La vaccinazione è la principale arma contro la pandemia che ha sconvolto il mondo: la scienza lo ribadisce dal principio di questa storia. Anche Papa Francesco ha richiamato tutti alla necessità di non negare le evidenze scientifiche sul vaccino. Era scontato, si potrebbe dire. La realtà è diversa. La Chiesa cattolica, infatti, non si è sempre schierata dalla parte della scienza e, per quanto fede e ragione abbiano spesso camminato su strade parallele, quella di Jorge Bergoglio sul vaccino è una svolta. Se non altro perché il Papa ha attaccato senza mezze misure il negazionismo, entrando nello specifico della questione. E questa rappresenta una delle tante novità apportate da questo pontificato, in specie durante l'evoluzione del quadro pandemico, che ha modificato i piani di Jorge Mario Bergoglio: il Santo Padre ha sospeso le visite apostoliche. Tra le mura leonine si augurano che il programmato viaggio in Iraq possa svolgersi durante i primi giorni di marzo.

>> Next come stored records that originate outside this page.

(* Let $\lambda$ be a partition with at most $n$ parts, let $\bar\lambda\in\mathbb{N}^n$ be obtained from $\lambda$ by replacing every part equal to $1$ by $0$, let $\nu\in S_n(\bar\lambda)$ be a rearrangement of $\bar\lambda$, and let $S\subseteq\{1,\dots,n\}$ with $\#S=\ell(\lambda)$ (the number of nonzero parts of $\lambda$). Then $$\sum_{\substack{\mu\in S_n(\lambda)\\ \mathrm{Supp}(\mu)=S}}a^\nu_\mu\big|_{q=1}=1.$$
   Context: $S_n(\lambda)$ is the set of rearrangements of $\lambda$, and $\mathrm{Supp}(\mu)=\{i:\mu_i>0\}$. Generalized two-line queues and $a^\nu_\mu\in\mathbb{Q}(q,t)$. For $\nu,\mu\in\mathbb{N}^n$ (top row $\nu$, bottom row $\mu$), require: $\nu$ has no part equal to $1$; $\#\{i:\mu_i=j\}=\#\{i:\nu_i=j\}$ for every $j>1$; and for each $i$, $\mu_i=0$ or $\nu_i\le\mu_i$. Place a ball labeled $\nu_i$ in column $i$ of the top row when $\nu_i>0$, and a ball labeled $\mu_i$ in column $i$ of the bottom row when $\mu_i>0$. A generalized two-line queue in $\mathcal{Q}^\nu_\mu$ is a bijection pairing each top ball with a bottom ball of the same label, such that whenever a top ball of label $a$ lies directly above a bottom ball of label $a$ they are paired to each other (trivial pairing); each pairing is drawn as the shortest strand going straight down or left to right, wrapping around cyclically (columns mod $n$). Weights: process top balls in decreasing order of label, ties broken right to left. For a nontrivial pairing $p$ joining a top ball of label $a$ in column $j$ to a bottom ball in column $j'$, the free balls for $p$ are the bottom-row balls not matched before $p$ (excluding bottom balls of label $a$ that are trivially paired); $\mathrm{free}(p)$ is their number, and $\mathrm{skipped}(p)$ is the number of free balls in columns $j+1,\dots,j'-1$ (mod $n$). Set $\mathrm{wt}(p)=\frac{(1-t)t^{\mathrm{skipped}(p)}}{1-q^{a-1}t^{\mathrm{free}(p)}}q^{a-1}$ if $j'<j$ and $\frac{(1-t)t^{\mathrm{skipped}(p)}}{1-q^{a-1}t^{\mathrm{free}(p)}}$ if $j'>j$. Then $a^\nu_\mu=\sum_{Q\in\mathcal{Q}^\nu_\mu}\prod_{p\text{ nontrivial}}\mathrm{wt}(p)$ (zero if $\mathcal{Q}^\nu_\mu$ is empty), and $a^\nu_\mu|_{q=1}$ is its specialization at $q=1$. *)

theory Defs
  imports Main "HOL-Library.FuncSet" "HOL-Library.Multiset"
    "HOL-Computational_Algebra.Polynomial" "HOL-Computational_Algebra.Fraction_Field"
begin

(* Columns are indexed 0..n-1 (the paper uses 1..n); vectors in N^n are nat lists of length n. *)

definition rearrangements :: "nat list \<Rightarrow> nat list set" where
  "rearrangements lam = {mu. mset mu = mset lam}"

definition supp :: "nat list \<Rightarrow> nat set" where
  "supp mu = {i. i < length mu \<and> mu ! i > 0}"

definition valid_2lq :: "nat list \<Rightarrow> nat list \<Rightarrow> bool" where
  "valid_2lq nu mu \<longleftrightarrow> length nu = length mu \<and> 1 \<notin> set nu
     \<and> (\<forall>j>1. card {i. i < length mu \<and> mu ! i = j} = card {i. i < length nu \<and> nu ! i = j})
     \<and> (\<forall>i<length nu. mu ! i = 0 \<or> nu ! i \<le> mu ! i)"

definition top_cols :: "nat list \<Rightarrow> nat set" where
  "top_cols nu = {i. i < length nu \<and> nu ! i > 0}"

(* generalized two-line queues: pairings sigma (top column \<mapsto> bottom column) *)
definition queues :: "nat list \<Rightarrow> nat list \<Rightarrow> (nat \<Rightarrow> nat) set" where
  "queues nu mu = {\<sigma> \<in> top_cols nu \<rightarrow>\<^sub>E {..<length mu}.
      inj_on \<sigma> (top_cols nu)
      \<and> (\<forall>i\<in>top_cols nu. mu ! (\<sigma> i) = nu ! i)
      \<and> (\<forall>i\<in>top_cols nu. nu ! i = mu ! i \<longrightarrow> \<sigma> i = i)}"

definition before :: "nat list \<Rightarrow> nat \<Rightarrow> nat \<Rightarrow> bool" where
  "before nu i j \<longleftrightarrow> nu ! i > nu ! j \<or> (nu ! i = nu ! j \<and> i > j)"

Il pontefice argentino ha deciso d'intervenire sull'argomento "vaccino" attraverso l'intervista concessa a Fabio Marchese Ragona. Un confronto a 360 gradi che è andato in onda su Canale 5. Poco dopo, l'ex arcivescovo di Buenos Aires si è vaccinato. Anche il papa emerito Joseph Ratzinger è stato sottoposto alla vaccinazione anti-Covid19. Tanto il regnante quanto l'ex pontefice hanno scelto di non mediatizzare il momento: le telecamere non li hanno ripresi. Il Vaticano, nel contempo, ha attivato il "piano vaccini" come tutti gli altri Stati europei. Così come in Santa Sede, nel momento in cui è stato disposto il lockdown nazionale, si sono allineati alle disposizioni del governo italiano. Se lo stupore per queste procedure può non essere giustificato, lo stesso non si può dire per la fermezza con cui Francesco ha stroncato il negazionismo: "C'è un negazionismo suicida - ha affermato il Papa sudamericano durante l'intervista - che non saprei spiegare, il vaccino si deve prendere". E ancora: "Io credo che eticamente tutti debbano prendere il vaccino, è un'opzione etica, perché tu ti giochi la salute, la vita, ma ti giochi anche la vita di altri". Sono le argomentazioni della scienza. Quelle che il Papa ha fatto sue.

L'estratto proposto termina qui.